- Abbreviation: DOCR

Agency overview
- Preceding agencies: Board of Control; Board of Administration; Director of Institutions;
- Employees: 700

Jurisdictional structure
- Operations jurisdiction: North Dakota, USA
- Map of North Dakota Department of Corrections and Rehabilitation's jurisdiction
- Size: 70,762 square miles (183,270 km^{2})
- Population: 765,309 (July 1, 2020 Estimate)
- General nature: Civilian police;

Operational structure
- Headquarters: Bismarck, North Dakota
- Agency executive: Dave Krabbenhoft, Director;

Website
- DOCR website

= North Dakota Department of Corrections and Rehabilitation =

The North Dakota Department of Corrections and Rehabilitation (DOCR) provides prison services for the state of North Dakota. Its Division of Field Services supervises parolees through 14 field offices. DOCR also has a Division of Juvenile Services that oversees the supervision and case management of delinquent youth of the state. The agency has its headquarters in Bismarck.
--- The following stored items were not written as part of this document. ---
text \<open>Positive commutative semiring (0 \<noteq> 1 is part of comm_semiring_1).\<close>
definition positive_semiring :: "'k::comm_semiring_1 itself \<Rightarrow> bool" where
  "positive_semiring _ \<longleftrightarrow>
     (\<forall>a b::'k. a + b = 0 \<longrightarrow> a = 0 \<and> b = 0) \<and>
     (\<forall>a b::'k. a * b = 0 \<longrightarrow> a = 0 \<or> b = 0)"

definition Tup :: "('a \<Rightarrow> 'v set) \<Rightarrow> 'a set \<Rightarrow> ('a \<Rightarrow> 'v) set" where
  "Tup Dom X = PiE X Dom"

definition supp :: "(('a \<Rightarrow> 'v) \<Rightarrow> 'k::zero) \<Rightarrow> ('a \<Rightarrow> 'v) set" where
  "supp R = {t. R t \<noteq> 0}"

definition is_krel :: "('a \<Rightarrow> 'v set) \<Rightarrow> 'a set \<Rightarrow> (('a \<Rightarrow> 'v) \<Rightarrow> 'k::zero) \<Rightarrow> bool" where
  "is_krel Dom X R \<longleftrightarrow> supp R \<subseteq> Tup Dom X \<and> finite (supp R)"

definition marginal :: "(('a \<Rightarrow> 'v) \<Rightarrow> 'k::comm_monoid_add) \<Rightarrow> 'a set \<Rightarrow> ('a \<Rightarrow> 'v) \<Rightarrow> 'k" where
  "marginal R Y u = (\<Sum>r\<in>{r\<in>supp R. restrict r Y = u}. R r)"

definition kequiv :: "(('a \<Rightarrow> 'v) \<Rightarrow> 'k::semiring_0) \<Rightarrow> (('a \<Rightarrow> 'v) \<Rightarrow> 'k) \<Rightarrow> bool" where
  "kequiv R S \<longleftrightarrow> (\<exists>a b. a \<noteq> 0 \<and> b \<noteq> 0 \<and> (\<forall>t. a * R t = b * S t))"

definition consistent ::
  "('a \<Rightarrow> 'v set) \<Rightarrow> 'a set \<Rightarrow> (('a \<Rightarrow> 'v) \<Rightarrow> 'k::comm_semiring_1) \<Rightarrow> 'a set \<Rightarrow> (('a \<Rightarrow> 'v) \<Rightarrow> 'k) \<Rightarrow> bool" where
  "consistent Dom X R Y S \<longleftrightarrow>
     (\<exists>T. is_krel Dom (X \<union> Y) T \<and> kequiv R (marginal T X) \<and> kequiv S (marginal T Y))"

definition pairwise_consistent ::
  "('a \<Rightarrow> 'v set) \<Rightarrow> 'i set \<Rightarrow> ('i \<Rightarrow> 'a set) \<Rightarrow> ('i \<Rightarrow> ('a \<Rightarrow> 'v) \<Rightarrow> 'k::comm_semiring_1) \<Rightarrow> bool" where
  "pairwise_consistent Dom I X R \<longleftrightarrow>
     (\<forall>i\<in>I. \<forall>j\<in>I. i \<noteq> j \<longrightarrow> consistent Dom (X i) (R i) (X j) (R j))"

definition globally_consistent ::
  "('a \<Rightarrow> 'v set) \<Rightarrow> 'i set \<Rightarrow> ('i \<Rightarrow> 'a set) \<Rightarrow> ('i \<Rightarrow> ('a \<Rightarrow> 'v) \<Rightarrow> 'k::comm_semiring_1) \<Rightarrow> bool" where
  "globally_consistent Dom I X R \<longleftrightarrow>
     (\<exists>T. is_krel Dom (\<Union>i\<in>I. X i) T \<and> (\<forall>i\<in>I. kequiv (R i) (marginal T (X i))))"

text \<open>The values 0..d-1 are represented in the value type via an injection enc.
  mod_rel Dom enc d X \<delta> t = 1 iff t is a tuple over X taking values in {0..d-1}
  whose sum is congruent to \<delta> mod d, else 0.\<close>
definition mod_rel ::
  "('a \<Rightarrow> 'v set) \<Rightarrow> (nat \<Rightarrow> 'v) \<Rightarrow> nat \<Rightarrow> 'a set \<Rightarrow> nat \<Rightarrow> ('a \<Rightarrow> 'v) \<Rightarrow> 'k::comm_semiring_1" where
  "mod_rel Dom enc d X \<delta> t =
     (if t \<in> Tup Dom X \<and> (\<forall>C\<in>X. t C \<in> enc ` {0..<d}) \<and>
         (\<Sum>C\<in>X. inv_into {0..<d} enc (t C)) mod d = \<delta> mod d
      then 1 else 0)"

end

theory Submission
  imports Defs "HOL-Number_Theory.Cong" "HOL-Library.Indicator_Function"
begin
The director of the North Dakota Department of Corrections and Rehabilitation is
Dave Krabbenhoft.

==Facilities==

The department has four different adult prisons in North Dakota Below:

| Name | Inmate Capacity |
|---|---|
| James River Correctional Center - Jamestown | (420) |
| Missouri River Correctional Center - Bismarck | (151) |
| North Dakota State Penitentiary- Bismarck | (815) |
| Dakota Women's Correctional and Rehabilitation Center - New England | (126) |

- 605 inmates at North Dakota State Penitentiary - Bismarck
- 417 inmates at James River Correctional Center - Jamestown
- 162 inmates at Dakota Women's Correctional and Rehabilitation Center - New England
- 89 inmates at Missouri River Correctional Center - Bismarck

==Division of Juvenile Services==

The Division of Juvenile Services (DJS) provides juvenile correctional services operating the North Dakota Youth Correctional Center and maintains eight regional community offices. The North Dakota Youth Correctional Center is located partially in Mandan and partially in unincorporated Morton County.

The housing units include:
- Brown Cottage - 16 beds - for females
- Hickory Cottage - 35 beds - for males
- Pine Cottage - 25 beds - for males

Brown Cottage - 16-bed structure housing female juveniles for Detention, Assessment and Treatment.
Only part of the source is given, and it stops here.